Top of Supplied records

lemma circ_spectral_pst_phases:
  assumes n: "n \<ge> 2" and real: "\<And>k. k < n \<Longrightarrow> x k \<in> \<real>"
    and pst: "cmod (transfer_amp (circ_spectral n x) t 1 0) = 1" and k: "k < n"
  shows "cis (2 * pi * of_nat k / of_nat n - t * Re (x k)) = cis (- t * Re (x 0))"
proof -
  define l where "l k = Re (x k)" for k
  have x: "x k = of_real (l k)" if "k < n" for k
    using real[OF that] unfolding l_def by (simp add: complex_is_Real_iff)
  define z where "z k = cis (2 * pi * of_nat k / of_nat n - t * l k)" for k
  have "transfer_amp (circ_spectral n x) t 1 0 =
      (\<Sum>k<n. exp (- \<i> * of_real t * x k) * unity_root n ((int 1 - int 0) * int k)) / of_nat n"
    using n by (intro transfer_amp_circ_spectral) auto
  also have "\<dots> = (\<Sum>k<n. z k) / of_nat n"
    by (intro arg_cong[where f = "\<lambda>u. u / _"] sum.cong refl)
       (simp add: z_def x unity_root_def cis_conv_exp exp_add[symmetric] algebra_simps)
  finally have sum: "norm (\<Sum>k<n. z k) = of_nat n"
    using pst n by (simp add: norm_divide)
  have unit: "norm (z k) = 1" if "k < n" for k
    by (simp add: z_def)
  have "0 < n" using n by simp
  from norm_sum_eq_card_imp_eq_mean[OF unit sum k] norm_sum_eq_card_imp_eq_mean[OF unit sum this]
  have "z k = z 0" by (rule trans[OF _ sym])
  thus ?thesis by (simp add: z_def l_def)
qed

lemma circ_spectral_pst_eigenvalues:
  assumes n: "n \<ge> 2" and real: "\<And>k. k < n \<Longrightarrow> x k \<in> \<real>" and t: "t > 0"
    and pst: "cmod (transfer_amp (circ_spectral n x) t 1 0) = 1"
  obtains c :: real and m :: "nat \<Rightarrow> int"
  where "c \<noteq> 0" "\<And>k. k < n \<Longrightarrow> x k = x 0 + of_real c * (of_nat k - of_nat n * of_int (m k))"
proof -
  have "\<forall>k\<in>{..<n}. \<exists>m::int. 2 * pi * of_nat k / of_nat n - t * Re (x k) = - t * Re (x 0) + 2 * pi * of_int m"
    using circ_spectral_pst_phases[OF n real pst] by (blast elim: cis_eq_cis_imp_int_multiple)
  then obtain m :: "nat \<Rightarrow> int" where
    m: "\<And>k. k < n \<Longrightarrow> 2 * pi * of_nat k / of_nat n - t * Re (x k) = - t * Re (x 0) + 2 * pi * of_int (m k)"
    by (metis bchoice lessThan_iff)
  define c where "c = 2 * pi / (t * of_nat n)"
  show thesis
  proof
    show "c \<noteq> 0" using t n by (simp add: c_def)
  next
    fix k assume k: "k < n"
    have "Re (x k) = Re (x 0) + c * (of_nat k - of_nat n * of_int (m k))"
      using m[OF k] t n by (simp add: c_def field_simps)
    thus "x k = x 0 + of_real c * (of_nat k - of_nat n * of_int (m k))"
      using real[OF k] real[of 0] k by (simp add: complex_eq_iff complex_is_Real_iff)
  qed
qed

lemma diff_one_mult_sum_index_power:
  fixes z :: "'a :: comm_ring_1"
  shows "(z - 1) * (\<Sum>k<N. of_nat k * z ^ k) = of_nat N * z ^ N - (\<Sum>k<N. z ^ Suc k)"
  by (induction N) (simp_all add: algebra_simps)
lemma hyp_coords_mobius_add:
  fixes h x :: "'a::real_inner"
  assumes "c > 0" "norm h < c" "norm x < c"
  defines "g \<equiv> (hyp_space c h \<bullet> hyp_space c x) / c^2"
  shows "hyp_time c (mobius_add c h x) = hyp_time c h * hyp_time c x + g"
    and "hyp_space c (mobius_add c h x) =
           hyp_space c x + (g / (1 + hyp_time c h) + hyp_time c x) *\<^sub>R hyp_space c h"
proof -
  define p where "p = (h \<bullet> x) / c^2"
  define \<alpha> where "\<alpha> = 1 - (norm h)^2 / c^2"
  define \<beta> where "\<beta> = 1 - (norm x)^2 / c^2"
  have \<alpha>: "\<alpha> > 0" and \<beta>: "\<beta> > 0"
    using norm_sq_div_less_1[OF assms(1,2)] norm_sq_div_less_1[OF assms(1,3)] by (simp_all add: \<alpha>_def \<beta>_def)
  have Th: "hyp_time c h = (2 - \<alpha>) / \<alpha>" and Tx: "hyp_time c x = (2 - \<beta>) / \<beta>"
    by (simp_all add: hyp_time_def \<alpha>_def \<beta>_def)
  have Sh: "hyp_space c h = (2 / \<alpha>) *\<^sub>R h" and Sx: "hyp_space c x = (2 / \<beta>) *\<^sub>R x"
    by (simp_all add: hyp_space_def \<alpha>_def \<beta>_def)
  have g: "g = (2 / \<alpha>) * (2 / \<beta>) * p"
    by (simp add: g_def Sh Sx p_def)
  have "hyp_time c (mobius_add c h x) = 2 * (1 + 2*p + (1 - \<alpha>)*(1 - \<beta>)) / (\<alpha> * \<beta>) - 1"
    using hyp_coords_mobius_add_eq(1)[OF assms(1-3)] by (simp add: \<alpha>_def \<beta>_def p_def)
  also have "\<dots> = (2 - \<alpha>) / \<alpha> * ((2 - \<beta>) / \<beta>) + (2 / \<alpha>) * (2 / \<beta>) * p"
    using \<alpha> \<beta> by (simp add: field_simps)
  finally show "hyp_time c (mobius_add c h x) = hyp_time c h * hyp_time c x + g"
    unfolding Th Tx g .
  have "hyp_space c (mobius_add c h x) = (2 * (1 + 2*p + (1 - \<beta>)) / (\<alpha> * \<beta>)) *\<^sub>R h + (2 / \<beta>) *\<^sub>R x"
    using hyp_coords_mobius_add_eq(2)[OF assms(1-3)] \<alpha>
    by (simp add: \<alpha>_def[symmetric] \<beta>_def[symmetric] p_def[symmetric] scaleR_add_right)
      (simp add: \<beta>_def)
  also have "2 * (1 + 2*p + (1 - \<beta>)) / (\<alpha> * \<beta>)
      = ((2 / \<alpha>) * (2 / \<beta>) * p / (1 + (2 - \<alpha>) / \<alpha>) + (2 - \<beta>) / \<beta>) * (2 / \<alpha>)"
    using \<alpha> \<beta> by (simp add: field_simps)
  finally show "hyp_space c (mobius_add c h x) =
      hyp_space c x + (g / (1 + hyp_time c h) + hyp_time c x) *\<^sub>R hyp_space c h"
    unfolding g Th Tx Sh Sx by (simp add: algebra_simps)
qed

Bottom of Supplied records

- _To do_
Reproduce, please, every line of the records above without alteration.

- _Exercise result_
lemma circ_spectral_pst_phases:
  assumes n: "n \<ge> 2" and real: "\<And>k. k < n \<Longrightarrow> x k \<in> \<real>"
    and pst: "cmod (transfer_amp (circ_spectral n x) t 1 0) = 1" and k: "k < n"
  shows "cis (2 * pi * of_nat k / of_nat n - t * Re (x k)) = cis (- t * Re (x 0))"
proof -
  define l where "l k = Re (x k)" for k
  have x: "x k = of_real (l k)" if "k < n" for k
    using real[OF that] unfolding l_def by (simp add: complex_is_Real_iff)
  define z where "z k = cis (2 * pi * of_nat k / of_nat n - t * l k)" for k
  have "transfer_amp (circ_spectral n x) t 1 0 =
      (\<Sum>k<n. exp (- \<i> * of_real t * x k) * unity_root n ((int 1 - int 0) * int k)) / of_nat n"
    using n by (intro transfer_amp_circ_spectral) auto
  also have "\<dots> = (\<Sum>k<n. z k) / of_nat n"
    by (intro arg_cong[where f = "\<lambda>u. u / _"] sum.cong refl)
       (simp add: z_def x unity_root_def cis_conv_exp exp_add[symmetric] algebra_simps)
  finally have sum: "norm (\<Sum>k<n. z k) = of_nat n"
    using pst n by (simp add: norm_divide)
  have unit: "norm (z k) = 1" if "k < n" for k
    by (simp add: z_def)
  have "0 < n" using n by simp
  from norm_sum_eq_card_imp_eq_mean[OF unit sum k] norm_sum_eq_card_imp_eq_mean[OF unit sum this]
  have "z k = z 0" by (rule trans[OF _ sym])
  thus ?thesis by (simp add: z_def l_def)
qed

lemma circ_spectral_pst_eigenvalues:
  assumes n: "n \<ge> 2" and real: "\<And>k. k < n \<Longrightarrow> x k \<in> \<real>" and t: "t > 0"
    and pst: "cmod (transfer_amp (circ_spectral n x) t 1 0) = 1"
  obtains c :: real and m :: "nat \<Rightarrow> int"
  where "c \<noteq> 0" "\<And>k. k < n \<Longrightarrow> x k = x 0 + of_real c * (of_nat k - of_nat n * of_int (m k))"
proof -
  have "\<forall>k\<in>{..<n}. \<exists>m::int. 2 * pi * of_nat k / of_nat n - t * Re (x k) = - t * Re (x 0) + 2 * pi * of_int m"
    using circ_spectral_pst_phases[OF n real pst] by (blast elim: cis_eq_cis_imp_int_multiple)
  then obtain m :: "nat \<Rightarrow> int" where
    m: "\<And>k. k < n \<Longrightarrow> 2 * pi * of_nat k / of_nat n - t * Re (x k) = - t * Re (x 0) + 2 * pi * of_int (m k)"
    by (metis bchoice lessThan_iff)
  define c where "c = 2 * pi / (t * of_nat n)"
  show thesis
  proof
    show "c \<noteq> 0" using t n by (simp add: c_def)
  next
    fix k assume k: "k < n"
    have "Re (x k) = Re (x 0) + c * (of_nat k - of_nat n * of_int (m k))"
      using m[OF k] t n by (simp add: c_def field_simps)
    thus "x k = x 0 + of_real c * (of_nat k - of_nat n * of_int (m k))"
      using real[OF k] real[of 0] k by (simp add: complex_eq_iff complex_is_Real_iff)
  qed
qed

lemma diff_one_mult_sum_index_power:
  fixes z :: "'a :: comm_ring_1"
  shows "(z - 1) * (\<Sum>k<N. of_nat k * z ^ k) = of_nat N * z ^ N - (\<Sum>k<N. z ^ Suc k)"
  by (induction N) (simp_all add: algebra_simps)
lemma hyp_coords_mobius_add:
  fixes h x :: "'a::real_inner"
  assumes "c > 0" "norm h < c" "norm x < c"
  defines "g \<equiv> (hyp_space c h \<bullet> hyp_space c x) / c^2"
  shows "hyp_time c (mobius_add c h x) = hyp_time c h * hyp_time c x + g"
    and "hyp_space c (mobius_add c h x) =
           hyp_space c x + (g / (1 + hyp_time c h) + hyp_time c x) *\<^sub>R hyp_space c h"
proof -
  define p where "p = (h \<bullet> x) / c^2"
  define \<alpha> where "\<alpha> = 1 - (norm h)^2 / c^2"
  define \<beta> where "\<beta> = 1 - (norm x)^2 / c^2"
  have \<alpha>: "\<alpha> > 0" and \<beta>: "\<beta> > 0"
    using norm_sq_div_less_1[OF assms(1,2)] norm_sq_div_less_1[OF assms(1,3)] by (simp_all add: \<alpha>_def \<beta>_def)
  have Th: "hyp_time c h = (2 - \<alpha>) / \<alpha>" and Tx: "hyp_time c x = (2 - \<beta>) / \<beta>"
    by (simp_all add: hyp_time_def \<alpha>_def \<beta>_def)
  have Sh: "hyp_space c h = (2 / \<alpha>) *\<^sub>R h" and Sx: "hyp_space c x = (2 / \<beta>) *\<^sub>R x"
    by (simp_all add: hyp_space_def \<alpha>_def \<beta>_def)
  have g: "g = (2 / \<alpha>) * (2 / \<beta>) * p"
    by (simp add: g_def Sh Sx p_def)
  have "hyp_time c (mobius_add c h x) = 2 * (1 + 2*p + (1 - \<alpha>)*(1 - \<beta>)) / (\<alpha> * \<beta>) - 1"
    using hyp_coords_mobius_add_eq(1)[OF assms(1-3)] by (simp add: \<alpha>_def \<beta>_def p_def)
  also have "\<dots> = (2 - \<alpha>) / \<alpha> * ((2 - \<beta>) / \<beta>) + (2 / \<alpha>) * (2 / \<beta>) * p"
    using \<alpha> \<beta> by (simp add: field_simps)
  finally show "hyp_time c (mobius_add c h x) = hyp_time c h * hyp_time c x + g"
    unfolding Th Tx g .
  have "hyp_space c (mobius_add c h x) = (2 * (1 + 2*p + (1 - \<beta>)) / (\<alpha> * \<beta>)) *\<^sub>R h + (2 / \<beta>) *\<^sub>R x"
    using hyp_coords_mobius_add_eq(2)[OF assms(1-3)] \<alpha>
    by (simp add: \<alpha>_def[symmetric] \<beta>_def[symmetric] p_def[symmetric] scaleR_add_right)
      (simp add: \<beta>_def)
  also have "2 * (1 + 2*p + (1 - \<beta>)) / (\<alpha> * \<beta>)
      = ((2 / \<alpha>) * (2 / \<beta>) * p / (1 + (2 - \<alpha>) / \<alpha>) + (2 - \<beta>) / \<beta>) * (2 / \<alpha>)"
    using \<alpha> \<beta> by (simp add: field_simps)
  finally show "hyp_space c (mobius_add c h x) =
      hyp_space c x + (g / (1 + hyp_time c h) + hyp_time c x) *\<^sub>R hyp_space c h"
    unfolding g Th Tx Sh Sx by (simp add: algebra_simps)
qed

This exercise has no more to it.